Have you had any positive- or negative- critique group experiences? I’d love to hear about it.

Until next week,


10 thoughts on “Why Bother with a Critique Group?”

  1. Amy, I love our group! Not only do we get constructive feedback, I feel I get wonderful support and encouragement to improve my work. I have so much to learn and never feel judged or out of place–even though I am the least experience 🙂 I learn so much from everyone’s work even though they are not the same genre. And you are absolutely right Being able to submit and critique in our PJ’s is priceless 🙂


    1. The support we give to and get from each other is the best part of the group, and level of experience doesn’t matter since we can all improve no matter what! Thanks so much for visiting and leaving a comment!
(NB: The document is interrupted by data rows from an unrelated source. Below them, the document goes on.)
(* For any $F\in\mathscr{F}_2$ and $i\in[F]$: (i) $\mathcal{P}^2_{\ddot{F},i}=\{01,10,11\}$ if $|\mathcal{P}^2_{F,i}|=3$, and $\mathcal{P}^2_{\ddot{F},i}=\{00,01,10,11\}$ if $|\mathcal{P}^2_{F,i}|=4$; (ii) for any $s\in\mathcal{S}$, $\bar{\mathcal{P}}^2_{\ddot{F},i}(\ddot{f}_i(s))=\emptyset$ if $\bar{\mathcal{P}}^0_{F,i}(f_i(s))=\emptyset$, and $\bar{\mathcal{P}}^2_{\ddot{F},i}(\ddot{f}_i(s))=\{00\}$ if $\bar{\mathcal{P}}^0_{F,i}(f_i(s))\ne\emptyset$.
   Context: $\mathcal{S}$ is a finite source alphabet with $|\mathcal{S}|\ge 2$ and $\mathcal{C}=\{0,1\}$; $\mathcal{A}^k,\mathcal{A}^{\ast},\mathcal{A}^{+}$ are sequences of length $k$, finite, positive finite length; $\lambda$ empty sequence; $\preceq$ prefix, $\prec$ proper prefix; $\mathrm{suff}(x_1\cdots x_n)=x_2\cdots x_n$; $\bar{c}=1-c$ for $c\in\mathcal{C}$. A code-tuple $F$ with $m\ge1$ code tables consists of maps $f_i:\mathcal{S}\to\mathcal{C}^{\ast}$ and $\tau_i:\mathcal{S}\to\{0,\dots,m-1\}$, $i\in[F]=\{0,\dots,m-1\}$. $f_i^{\ast}(\lambda)=\lambda$, $f_i^{\ast}(\pmb{x})=f_i(x_1)f^{\ast}_{\tau_i(x_1)}(\mathrm{suff}(\pmb{x}))$. For integer $k\ge0$, $\pmb{b}\in\mathcal{C}^{\ast}$: $\mathcal{P}^k_{F,i}(\pmb{b})$ is the set of $\pmb{c}\in\mathcal{C}^k$ such that some $\pmb{x}=x_1\cdots x_n\in\mathcal{S}^{+}$ has $f_i^{\ast}(\pmb{x})\succeq\pmb{b}\pmb{c}$ and $f_i(x_1)\succeq\pmb{b}$; $\bar{\mathcal{P}}^k_{F,i}(\pmb{b})$ the same with $f_i(x_1)\succ\pmb{b}$; $\mathcal{P}^k_{F,i}=\mathcal{P}^k_{F,i}(\lambda)$. $F\in\mathscr{F}_{2\text{-}\mathrm{dec}}$ if $\mathcal{P}^2_{F,\tau_i(s)}\cap\bar{\mathcal{P}}^2_{F,i}(f_i(s))=\emptyset$ for all $i,s$, and $\mathcal{P}^2_{F,\tau_i(s)}\cap\mathcal{P}^2_{F,\tau_i(s')}=\emptyset$ whenever $s\ne s'$, $f_i(s)=f_i(s')$. Fix $\mu:\mathcal{S}\to(0,1]$ with $\sum_s\mu(s)=1$; $Q_{i,j}(F)=\sum_{s:\tau_i(s)=j}\mu(s)$; $F\in\mathscr{F}_{\mathrm{reg}}$ if $\pmb{\pi}Q(F)=\pmb{\pi}$, $\sum_i\pi_i=1$ has a unique solution. $\mathscr{F}_2=\{F\in\mathscr{F}_{\mathrm{reg}}\cap\mathscr{F}_{2\text{-}\mathrm{dec}}:|\mathcal{P}^2_{F,i}|\ge3\ \forall i\in[F]\}$ (every such $F$ satisfies $\mathcal{P}^1_{F,i}=\{0,1\}$ for all $i$). $\gamma$-decomposition: for $F\in\mathscr{F}_2$, $i\in[F]$, $s\in\mathcal{S}$, the symbols $s'$ with $f_i(s')\prec f_i(s)$ have pairwise distinct codewords; list them together with $s$ as $s_1,\dots,s_\rho$ with $s_\rho=s$ and $f_i(s_1)\prec\cdots\prec f_i(s_\rho)$; set $\gamma(s_1)=f_i(s_1)$ and $f_i(s_r)=f_i(s_{r-1})\gamma(s_r)$ for $r\ge2$. The code-tuple $\ddot{F}$ (with $|F|$ tables): $\ddot{\tau}_i=\tau_i$ and $\ddot{f}_i(s)=\ddot{\gamma}(s_1)\cdots\ddot{\gamma}(s_\rho)$ where, writing $\gamma(s_r)=g_1g_2\cdots g_l$: $\ddot{\gamma}(s_r)=\gamma(s_r)$ if $r=1$ and $|\mathcal{P}^2_{F,i}|=4$; $\ddot{\gamma}(s_r)=1$ if $r=1$, $|\mathcal{P}^2_{F,i}|=3$, $|\gamma(s_r)|=1$; $\ddot{\gamma}(s_r)=01g_3\cdots g_l$ if $r=1$, $|\mathcal{P}^2_{F,i}|=3$, $|\gamma(s_r)|\ge2$, $g_1\bar{g_2}\notin\mathcal{P}^2_{F,i}$; $\ddot{\gamma}(s_r)=1g_2g_3\cdots g_l$ if $r=1$, $|\mathcal{P}^2_{F,i}|=3$, $|\gamma(s_r)|\ge2$, $g_1\bar{g_2}\in\mathcal{P}^2_{F,i}$; $\ddot{\gamma}(s_r)=00g_3\cdots g_l$ if $r\ge2$. *)

theory Defs
  imports Complex_Main "HOL-Library.Sublist"
begin

text \<open>Code symbols: False stands for 0, True for 1. A code-tuple is a record
  with the number of tables m, the code maps f_i and the transition maps tau_i.\<close>

record 'a code_tuple =
  ntab :: nat
  fm :: "nat \<Rightarrow> 'a \<Rightarrow> bool list"
  tm :: "nat \<Rightarrow> 'a \<Rightarrow> nat"

definition wf_ct :: "'a code_tuple \<Rightarrow> bool" where
  "wf_ct F \<longleftrightarrow> ntab F \<ge> 1 \<and> (\<forall>i<ntab F. \<forall>s. tm F i s < ntab F)"

fun fstar :: "'a code_tuple \<Rightarrow> nat \<Rightarrow> 'a list \<Rightarrow> bool list" where
  "fstar F i [] = []"
| "fstar F i (x # xs) = fm F i x @ fstar F (tm F i x) xs"

definition Pk :: "'a code_tuple \<Rightarrow> nat \<Rightarrow> nat \<Rightarrow> bool list \<Rightarrow> bool list set" where
  "Pk F k i b = {c. length c = k \<and> (\<exists>x xs. prefix (b @ c) (fstar F i (x # xs))
                                        \<and> prefix b (fm F i x))}"

definition Pbar :: "'a code_tuple \<Rightarrow> nat \<Rightarrow> nat \<Rightarrow> bool list \<Rightarrow> bool list set" where
  "Pbar F k i b = {c. length c = k \<and> (\<exists>x xs. prefix (b @ c) (fstar F i (x # xs))
                                        \<and> strict_prefix b (fm F i x))}"

definition dec2 :: "'a code_tuple \<Rightarrow> bool" where
  "dec2 F \<longleftrightarrow> (\<forall>i<ntab F. \<forall>s.
       Pk F 2 (tm F i s) [] \<inter> Pbar F 2 i (fm F i s) = {}) \<and>
     (\<forall>i<ntab F. \<forall>s s'. s \<noteq> s' \<and> fm F i s = fm F i s' \<longrightarrow>
       Pk F 2 (tm F i s) [] \<inter> Pk F 2 (tm F i s') [] = {})"

definition Qm :: "('a::finite \<Rightarrow> real) \<Rightarrow> 'a code_tuple \<Rightarrow> nat \<Rightarrow> nat \<Rightarrow> real" where
  "Qm \<mu> F i j = (\<Sum>s\<in>{s. tm F i s = j}. \<mu> s)"

definition stationary :: "('a::finite \<Rightarrow> real) \<Rightarrow> 'a code_tuple \<Rightarrow> (nat \<Rightarrow> real) \<Rightarrow> bool" where
  "stationary \<mu> F \<pi> \<longleftrightarrow> (\<forall>j<ntab F. (\<Sum>i<ntab F. \<pi> i * Qm \<mu> F i j) = \<pi> j)
                          \<and> (\<Sum>i<ntab F. \<pi> i) = 1"

definition regular :: "('a::finite \<Rightarrow> real) \<Rightarrow> 'a code_tuple \<Rightarrow> bool" where
  "regular \<mu> F \<longleftrightarrow> (\<exists>\<pi>. stationary \<mu> F \<pi> \<and>
      (\<forall>\<pi>'. stationary \<mu> F \<pi>' \<longrightarrow> (\<forall>i<ntab F. \<pi>' i = \<pi> i)))"

definition F2 :: "('a::finite \<Rightarrow> real) \<Rightarrow> 'a code_tuple \<Rightarrow> bool" where
  "F2 \<mu> F \<longleftrightarrow> wf_ct F \<and> regular \<mu> F \<and> dec2 F \<and> (\<forall>i<ntab F. card (Pk F 2 i []) \<ge> 3)"

text \<open>gamma-decomposition: the lengths of the codewords f_i(s') that are proper
  prefixes of f_i(s), together with |f_i(s)|, sorted increasingly. The r-th
  (1-based) element s_r has codeword take (L!(r-1)) (f_i s).\<close>
definition chain_lens :: "'a code_tuple \<Rightarrow> nat \<Rightarrow> 'a \<Rightarrow> nat list" where
  "chain_lens F i s = sorted_list_of_set
     (insert (length (fm F i s)) {length (fm F i s') | s'. strict_prefix (fm F i s') (fm F i s)})"

text \<open>gamma(s_r) for 0-based index r.\<close>
definition gamma :: "'a code_tuple \<Rightarrow> nat \<Rightarrow> 'a \<Rightarrow> nat \<Rightarrow> bool list" where
  "gamma F i s r = (let L = chain_lens F i s in
      if r = 0 then take (L ! 0) (fm F i s)
      else drop (L ! (r - 1)) (take (L ! r) (fm F i s)))"

text \<open>ddot gamma for 0-based index r (r = 0 is the paper's r = 1).
  (The empty-gamma case at r = 0 is not covered by the paper; we leave it unchanged.)\<close>
definition ddgamma :: "'a code_tuple \<Rightarrow> nat \<Rightarrow> nat \<Rightarrow> bool list \<Rightarrow> bool list" where
  "ddgamma F i r g =
     (if r = 0 then
        (if card (Pk F 2 i []) = 4 then g
         else if length g = 1 then [True]
         else if length g \<ge> 2 then
           (if [g ! 0, \<not> (g ! 1)] \<notin> Pk F 2 i [] then [False, True] @ drop 2 g
            else True # drop 1 g)
         else g)
      else [False, False] @ drop 2 g)"

definition ddf :: "'a code_tuple \<Rightarrow> nat \<Rightarrow> 'a \<Rightarrow> bool list" where
  "ddf F i s = concat (map (\<lambda>r. ddgamma F i r (gamma F i s r))
                          [0..<length (chain_lens F i s)])"

definition ddF :: "'a code_tuple \<Rightarrow> 'a code_tuple" where
  "ddF F = \<lparr>ntab = ntab F, fm = ddf F, tm = tm F\<rparr>"

end

theory Submission
  imports Defs
begin

(* Each P^2_{F,j} misses at most one of the four two-bit words, so any two of them meet.  By
   2-decodability every f_j is therefore injective and every \bar P^2_{F,j}(f_j(s)) has at most one
   element: a codeword that is a proper prefix of another one is followed by at least two more
   bits, and by the same two bits in all of its extensions.  Moreover an empty codeword f_j(a)
   forces |P^2_{F,j}| = 4 and |P^2_{F,tau_j(a)}| = 3.

   Hence \ddot f acts bitwise: \ddot f_j(s) arises from f_j(s) by clearing the two bits after each
   codeword that is a proper prefix of f_j(s) and, when |P^2_{F,j}| = 3, recoding the first two
   bits as (g, e) |-> (1, e) if g is followed by both bits in P^2_{F,j} and as (0, 1) otherwise.
   Each new bit depends only on the old bits up to it, and at the first position where two
   codewords differ the new bits differ as well.  So \ddot f_j(s) is a proper prefix of
   \ddot f_j(x) iff f_j(s) is one of f_j(x), and then \ddot f_j(x) continues \ddot f_j(s) with 00;
   this is (ii).  For (i) one reads off the first two bits of the new codewords, following an
   empty codeword f_j(a) into table tau_j(a). *)

lemma prefix_nth: "prefix xs ys \<Longrightarrow> i < length xs \<Longrightarrow> xs ! i = ys ! i"
  by (auto simp: prefix_def nth_append)

lemma prefix_same_length_eq:
  "prefix xs zs \<Longrightarrow> prefix ys zs \<Longrightarrow> length xs = length ys \<Longrightarrow> xs = ys"
  by (metis order_refl prefix_length_prefix prefix_order.antisym)

lemma sorted_list_of_set_insert_greatest:
  assumes "finite A" "\<forall>b\<in>A. b < (a::'a::linorder)"
  shows "sorted_list_of_set (insert a A) = sorted_list_of_set A @ [a]"
  using assms
  by (subst sorted_list_of_set_unique[symmetric])
     (auto simp: sorted_wrt_append card_insert_if)

definition two_bit_words :: "bool list set" where
  "two_bit_words = {c. length c = 2}"

lemma two_bit_words_eq:
  "two_bit_words = {[False, False], [False, True], [True, False], [True, True]}"
proof (intro equalityI subsetI)
  fix c assume "c \<in> two_bit_words"
  then obtain a b where "c = [a, b]"
    by (auto simp: two_bit_words_def numeral_2_eq_2 length_Suc_conv)
  then show "c \<in> {[False, False], [False, True], [True, False], [True, True]}"
    by (cases a; cases b) simp_all
qed (auto simp: two_bit_words_def)

lemma card_two_bit_words: "card two_bit_words = 4"
  by (simp add: two_bit_words_eq)

lemma finite_two_bit_words: "finite two_bit_words"
  by (simp add: two_bit_words_eq)

lemma two_bit_words_card_ge_3_cases:
  assumes "A \<subseteq> two_bit_words" "3 \<le> card A"
  obtains "A = two_bit_words" "card A = 4"
  | c where "c \<in> two_bit_words" "A = two_bit_words - {c}" "card A = 3"
proof (cases "two_bit_words \<subseteq> A")
  case True
  with assms(1) that(1) show ?thesis
    by (simp add: card_two_bit_words subset_antisym)
next
  case False
  then obtain c where c: "c \<in> two_bit_words" "c \<notin> A" by blast
  have card: "card (two_bit_words - {c}) = 3"
    using c by (simp add: finite_two_bit_words card_two_bit_words)
  have "A = two_bit_words - {c}"
    using assms c card by (intro card_seteq) (auto simp: finite_two_bit_words)
  with c card that(2) show ?thesis by simp
qed

lemma two_bit_words_subsets_meet:
  assumes "A \<subseteq> two_bit_words" "B \<subseteq> two_bit_words" "3 \<le> card A" "3 \<le> card B"
  shows "A \<inter> B \<noteq> {}"
proof
  assume disjoint: "A \<inter> B = {}"
  have "finite A" "finite B"
    using assms(1,2) finite_subset finite_two_bit_words by blast+
  with disjoint have "card (A \<union> B) = card A + card B" by (simp add: card_Un_disjoint)
  moreover have "card (A \<union> B) \<le> card two_bit_words"
    using assms(1,2) by (intro card_mono) (auto simp: finite_two_bit_words)
  ultimately show False using assms(3,4) by (simp add: card_two_bit_words)
qed
lemma leading_term_reduction:
  fixes G :: "'a::field bipoly set"
  assumes fin: "finite G" and nz: "0 \<notin> G" and f: "f \<noteq> 0"
  obtains t where "t \<in> gen_ideal G \<or> reduced_wrt G t" and "degree t \<le> degree f"
    and "f - t = 0 \<or> lex_less (lm (f - t)) (lm f)"
proof (cases "\<exists>g\<in>G. mdvd (lm g) (lm f)")
  case True
  then obtain g where g: "g \<in> G" "mdvd (lm g) (lm f)" by blast
  moreover have "g \<noteq> 0" using g(1) nz by blast
  ultimately obtain h where h: "lm (h * g) = lm f"
    "lead_coeff (lead_coeff (h * g)) = lead_coeff (lead_coeff f)"
    using exists_monomial_multiple_with_lm[OF f] by blast
  show ?thesis
  proof (rule that)
    show "h * g \<in> gen_ideal G \<or> reduced_wrt G (h * g)"
      using ideal_mult[OF is_ideal_gen_ideal gen_ideal_generator[OF fin g(1)]] by blast
    show "degree (h * g) \<le> degree f" using h(1) unfolding lm_def by simp
    show "f - h * g = 0 \<or> lex_less (lm (f - h * g)) (lm f)"
      using lex_less_lm_diff[of f "h * g"] h by auto
  qed
next
  case False
  define t where "t = monom (monom (lead_coeff (lead_coeff f)) (fst (lm f))) (snd (lm f))"
  have t: "lm t = lm f" "lead_coeff (lead_coeff t) = lead_coeff (lead_coeff f)"
    "degree t = degree f" "monomials t \<subseteq> {lm f}"
    using f monomials_monom_monom unfolding t_def lm_def by (simp_all add: degree_monom_eq)
  show ?thesis
  proof (rule that)
    show "t \<in> gen_ideal G \<or> reduced_wrt G t"
      using t(4) False unfolding reduced_wrt_def by blast
    show "f - t = 0 \<or> lex_less (lm (f - t)) (lm f)"
      using lex_less_lm_diff[of f t] t by auto
  qed (use t(3) in simp)
qed

lemma exists_reduced_remainder:
  fixes G :: "'a::field bipoly set"
  assumes fin: "finite G" and nz: "0 \<notin> G"
  shows "\<exists>r. f - r \<in> gen_ideal G \<and> reduced_wrt G r \<and> degree r \<le> degree f"
proof (induction f rule: wf_induct[OF wf_lex_less_lm])
  case (1 f)
  show ?case
  proof (cases "f = 0")
    case True
    then show ?thesis
      by (intro exI[of _ 0]) simp
  next
    case False
    then obtain t where t: "t \<in> gen_ideal G \<or> reduced_wrt G t" "degree t \<le> degree f"
      "f - t = 0 \<or> lex_less (lm (f - t)) (lm f)"
      using leading_term_reduction[OF fin nz] by blast
    have "\<exists>r. f - t - r \<in> gen_ideal G \<and> reduced_wrt G r \<and> degree r \<le> degree f"
      using t(3)
    proof
      assume "f - t = 0"
      then show ?thesis
        by (intro exI[of _ 0]) simp
    next
      assume lt: "lex_less (lm (f - t)) (lm f)"
      then show ?thesis using 1 degree_le_if_lex_less_lm[OF lt] by (blast intro: order.trans)
    qed
    then obtain r where r: "f - t - r \<in> gen_ideal G" "reduced_wrt G r" "degree r \<le> degree f"
      by blast
    show ?thesis
      using t(1)
    proof
      assume "t \<in> gen_ideal G"
      have "f - r = (f - t - r) + t" by simp
      also have "\<dots> \<in> gen_ideal G"
        using ideal_add[OF is_ideal_gen_ideal r(1) \<open>t \<in> gen_ideal G\<close>] .
      finally show ?thesis using r(2,3) by blast
    next
      assume "reduced_wrt G t"
      then show ?thesis
        using r t(2) reduced_wrt_add[of G t r] degree_add_le[of t "degree f" r]
        by (intro exI[of _ "t + r"]) (simp add: diff_diff_eq)
    qed
  qed
qed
  2. Glad you liked my post on The Barbara Bush Dress today on Dames Of Dialogue. Re. Writers’ groups, I agree with you 100% in that NOW is the time to join a writers’ group. My group has helped me so much. My novel, “Lily Steps Out,” and my short story collection, “Alterations,” would not have been published had my writers’ group not been involved.

    Best regards
    Rita PLush


    1. Thanks for stopping by and leaving your input, Rita. My writers’ group has been a huge help with the novel I’m currently working on. They help me step back and see the problems with it when I’m too bogged down inside the writing. I’m off to look at your website!


  3. I love our group. We’re such nice people. 🙂

    I saw the poster for “Authors Anonymous” and got annoyed because both characters had goofy looks on their faces and were wearing glasses. How dare the movie studio stereotype writers? And then I remembered I wear glasses. *sigh*


    1. You’re right- we are nice people! I saw the poster, too, and if I hadn’t seen the title, I never would have thought the movie is about writers. They’re usually portrayed as very serious, and the actors on the poster look like they’re having way too much fun. And I would be lost (quite literally) without my glasses.


  4. Hi Amy,

    I’m not in a critique group, but I plan to join one when I actually find a publisher, and get published. And I have not seen ‘Authors Anonymous’, I have not even heard of it.


    1. Hi, Rebecca,

      I think the best time to join a critique group is before you get published. That way you can get some feedback before you start sending out your manuscript. Thanks for stopping by!